Progressive Ratio Breakpoint Task (PRBT) assessment in mice

Mice pressed a single illuminated square in the center of the touchscreen for strawberry milk rewards. The stimulus remained on the screen until the required response number was made, consistent with human testing. The number of touches required for a reward increased by a step every three trials (e.g.: 1,1,1,2,2,2,4,4,4,7,7,7, etc.), consistent with earlier studies (Bensadoun et al., 2004; Milienne-Petiot, Kesby, et al., 2017; J. Young et al., 2015; J. W. Young, Meves, Tarantino, Caldwell, & Geyer, 2011). The breakpoint was the last (and therefore highest) ratio completed at the end of the 2-hour session. Mean choice latency (MCL, the average time between trial initiation and response) and mean reward latency (MRL, the average time between reward delivery and reward collection) were also measured. As in our prior study (Cavanagh et al., 2021), data were epoched around the stimulus presentation; alpha band power was then averaged for the first and last five epochs (5 seconds) of the task.

Mouse drug doses chosen

Amphetamine was administered at 0, 0.3, or 1.0 mg/kg. These doses include those that induce hyperactivity (1.0 mg/kg), and those that do not (0.1 and 0.3), which also improve operant task performance in mice (Heath et al., 2015; MacQueen et al., 2018).

Statistical Analysis

Mixed linear models (MLMs) were run using MIXED command in SPSS 26 (IBM, Chicago, IL), to analyze individual differences in PRBT and EEG across doses in the human and mouse EEG studies, with sex included as a factor. Alpha power was quantified using an a priori time-frequency region of interest of 8–12 Hz from 0 to 200 ms (post stimulus for mice, arbitrarily around the time locking one-second marker for humans), as in (Cavanagh et al., 2021).
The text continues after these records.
lemma three_of_four_cases:
  assumes "3 \<le> card {i::nat. i < 4 \<and> Q i}"
  shows "Q 0 \<and> Q 1 \<and> Q 2 \<or> Q 0 \<and> Q 1 \<and> Q 3 \<or> Q 0 \<and> Q 2 \<and> Q 3 \<or> Q 1 \<and> Q 2 \<and> Q 3"
proof -
  have pair: "Q a \<or> Q b" if "a \<noteq> b" "a < 4" "b < 4" for a b
  proof (rule ccontr)
    assume "\<not> (Q a \<or> Q b)"
    then have "{i. i < 4 \<and> Q i} \<subseteq> {0..<4} - {a, b}" by auto
    then have "card {i. i < 4 \<and> Q i} \<le> card ({0..<4} - {a, b})" by (intro card_mono) auto
    also have "\<dots> = 2" using that by (simp add: card_Diff_subset)
    finally show False using assms by simp
  qed
  show ?thesis
    using pair[of 0 1] pair[of 0 2] pair[of 0 3] pair[of 1 2] pair[of 1 3] pair[of 2 3] by auto
qed

definition word_walk :: "('a, 'b) monoid_scheme \<Rightarrow> 'a \<Rightarrow> 'a list \<Rightarrow> 'a list" where
  "word_walk G v w = map (\<lambda>k. v \<otimes>\<^bsub>G\<^esub> word_eval G (take k w)) [0..<Suc (length w)]"

lemma length_word_walk [simp]: "length (word_walk G v w) = Suc (length w)"
  by (simp add: word_walk_def)

lemma nth_word_walk [simp]:
  "k \<le> length w \<Longrightarrow> word_walk G v w ! k = v \<otimes>\<^bsub>G\<^esub> word_eval G (take k w)"
  unfolding word_walk_def by (simp del: upt_Suc add: less_Suc_eq_le)

lemma sublist_word_inv: "sublist xs ys \<Longrightarrow> sublist (word_inv G xs) (word_inv G ys)"
  unfolding word_inv_def by (simp add: map_mono_sublist)

context group
begin

lemma word_eval_Nil [simp]: "word_eval G [] = \<one>"
  by (simp add: word_eval_def)

lemma word_eval_Cons [simp]: "word_eval G (x # xs) = x \<otimes> word_eval G xs"
  by (simp add: word_eval_def)

lemma word_eval_closed [simp]: "set xs \<subseteq> carrier G \<Longrightarrow> word_eval G xs \<in> carrier G"
  by (induction xs) auto

lemma word_eval_append:
  "set xs \<subseteq> carrier G \<Longrightarrow> set ys \<subseteq> carrier G \<Longrightarrow>
    word_eval G (xs @ ys) = word_eval G xs \<otimes> word_eval G ys"
  by (induction xs) (auto simp: m_assoc)

lemma word_eval_take_Suc:
  assumes "set w \<subseteq> carrier G" "k < length w"
  shows "word_eval G (take (Suc k) w) = word_eval G (take k w) \<otimes> w ! k"
proof -
  have "set (take k w) \<subseteq> carrier G" using set_take_subset assms(1) by (rule order_trans)
  moreover have "w ! k \<in> carrier G" using assms nth_mem by blast
  ultimately show ?thesis using assms by (simp add: take_Suc_conv_app_nth word_eval_append)
qed

lemma word_eval_rotate:
  assumes "set xs \<subseteq> carrier G" "set ys \<subseteq> carrier G" "word_eval G (xs @ ys) = \<one>"
  shows "word_eval G (ys @ xs) = \<one>"
proof -
  have "word_eval G xs \<otimes> word_eval G ys = \<one>" using assms by (simp add: word_eval_append)
  from inv_comm[OF this] have "word_eval G ys \<otimes> word_eval G xs = \<one>" using assms by simp
  then show ?thesis using assms by (simp add: word_eval_append)
qed

lemma word_inv_word_inv: "set w \<subseteq> carrier G \<Longrightarrow> word_inv G (word_inv G w) = w"
  unfolding word_inv_def by (induction w) auto

lemma set_word_inv_subset: "set w \<subseteq> carrier G \<Longrightarrow> set (word_inv G w) \<subseteq> carrier G"
  unfolding word_inv_def by auto

lemma morpheme_infix_ne_one:
  assumes "morpheme G S (P @ W @ Q)" "W \<noteq> []" "P @ Q \<noteq> []"
  shows "word_eval G W \<noteq> \<one>"
proof -
  let ?u = "P @ W @ Q"
  have "word_eval G (take (j - i) (drop i ?u)) \<noteq> \<one>"
    if "i < j" "j \<le> length ?u" "(i, j) \<noteq> (0, length ?u)" for i j
    using assms(1) that unfolding morpheme_def by blast
  from this[of "length P" "length P + length W"] show ?thesis
    using assms(2,3) by simp
qed

lemma morpheme_rotation_prefix_ne_one:
  assumes S: "S \<subseteq> carrier G" and m: "morpheme G S (U @ V)"
    and k: "0 < k" "k < length U + length V"
  shows "word_eval G (take k (V @ U)) \<noteq> \<one>"
proof (cases "k \<le> length V")
  case True
  have "word_eval G (take k V) \<noteq> \<one>"
    by (rule morpheme_infix_ne_one[of S U _ "drop k V"]) (use m True k in auto)
  with True show ?thesis by simp
next
  case False
  define T D where "T = take (k - length V) U" and "D = drop (k - length V) U"
  have U: "U = T @ D" and TD: "T \<noteq> []" "D \<noteq> []"
    using False k by (auto simp: T_def D_def)
  have carrier: "set T \<subseteq> carrier G" "set D \<subseteq> carrier G" "set V \<subseteq> carrier G"
    using m S U unfolding morpheme_def by auto
  have TDV: "morpheme G S (T @ D @ V)" using m U by simp
  have D_ne_one: "word_eval G D \<noteq> \<one>"
    by (rule morpheme_infix_ne_one[OF TDV]) (use TD in simp_all)
  from TDV have TDV_one: "word_eval G (T @ D @ V) = \<one>" unfolding morpheme_def by blast
  \<comment> \<open>A trivial prefix \<open>V @ T\<close> would force the proper subword \<open>D\<close> of \<open>T @ D @ V\<close> to be trivial.\<close>
  show ?thesis
  proof
    assume "word_eval G (take k (V @ U)) = \<one>"
    moreover have "take k (V @ U) = V @ T" using False by (simp add: T_def)
    ultimately have "word_eval G (T @ V) = \<one>" using carrier word_eval_rotate by simp
    then have "word_eval G T \<otimes> (word_eval G D \<otimes> word_eval G V) = word_eval G T \<otimes> word_eval G V"
      using TDV_one carrier by (simp add: word_eval_append)
    then have "word_eval G D \<otimes> word_eval G V = word_eval G V" using carrier by (simp add: Units_eq)
    with carrier D_ne_one show False by simp
  qed
qed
The individual difference in alpha power (last minus first) was used for statistical analysis. Given the absence of parametric variation, the performance of the second cohort of mice was analyzed by ANOVA, accounting for dose, sex, and baseline PRBT performance. Alpha for all hypotheses was set at 0.05. Here, we report linear trends, which had the best fit to the data.

Results

Human

Amphetamine increased breakpoint in humans (F(2,42)=7.3, p<0.005; Figure 1A). Post hoc analyses revealed that amphetamine increased breakpoint at both 10 mg and 20 mg doses relative to placebo (p<0.05). No effect of sex was seen (F(1,31)=0.5, p=0.493), nor was there a sex*drug interaction on breakpoint (F(1,30)=0.3, p=0.599). To test for a main effect of time on EEG responsivity, an MLM was used with time as a factor. This analysis revealed a main effect of time across all drug conditions (time F(1,28.24)=33.4, p<0.001), but no interaction with other variables. Consistent with prior reports, larger alpha power was observed in the late vs. early time window. Given the size of this effect, the lack of interactions, and the size of the model relative to the size of the data, subsequent analyses used the difference score in time (last minus first) in order to reduce the model size and complexity. There was no effect of amphetamine on the alpha power difference (F(2,59)=0.3, p=0.76), nor sex (F(1,59)=0.0, p=0.94), nor interaction (F(2,59)=0.71, p=0.50; Figure 1B, 1C).

Figure 1. Effects of amphetamine on motivation in humans as measured via progressive ratio break point task (PRBT) and EEG.

Figure 1.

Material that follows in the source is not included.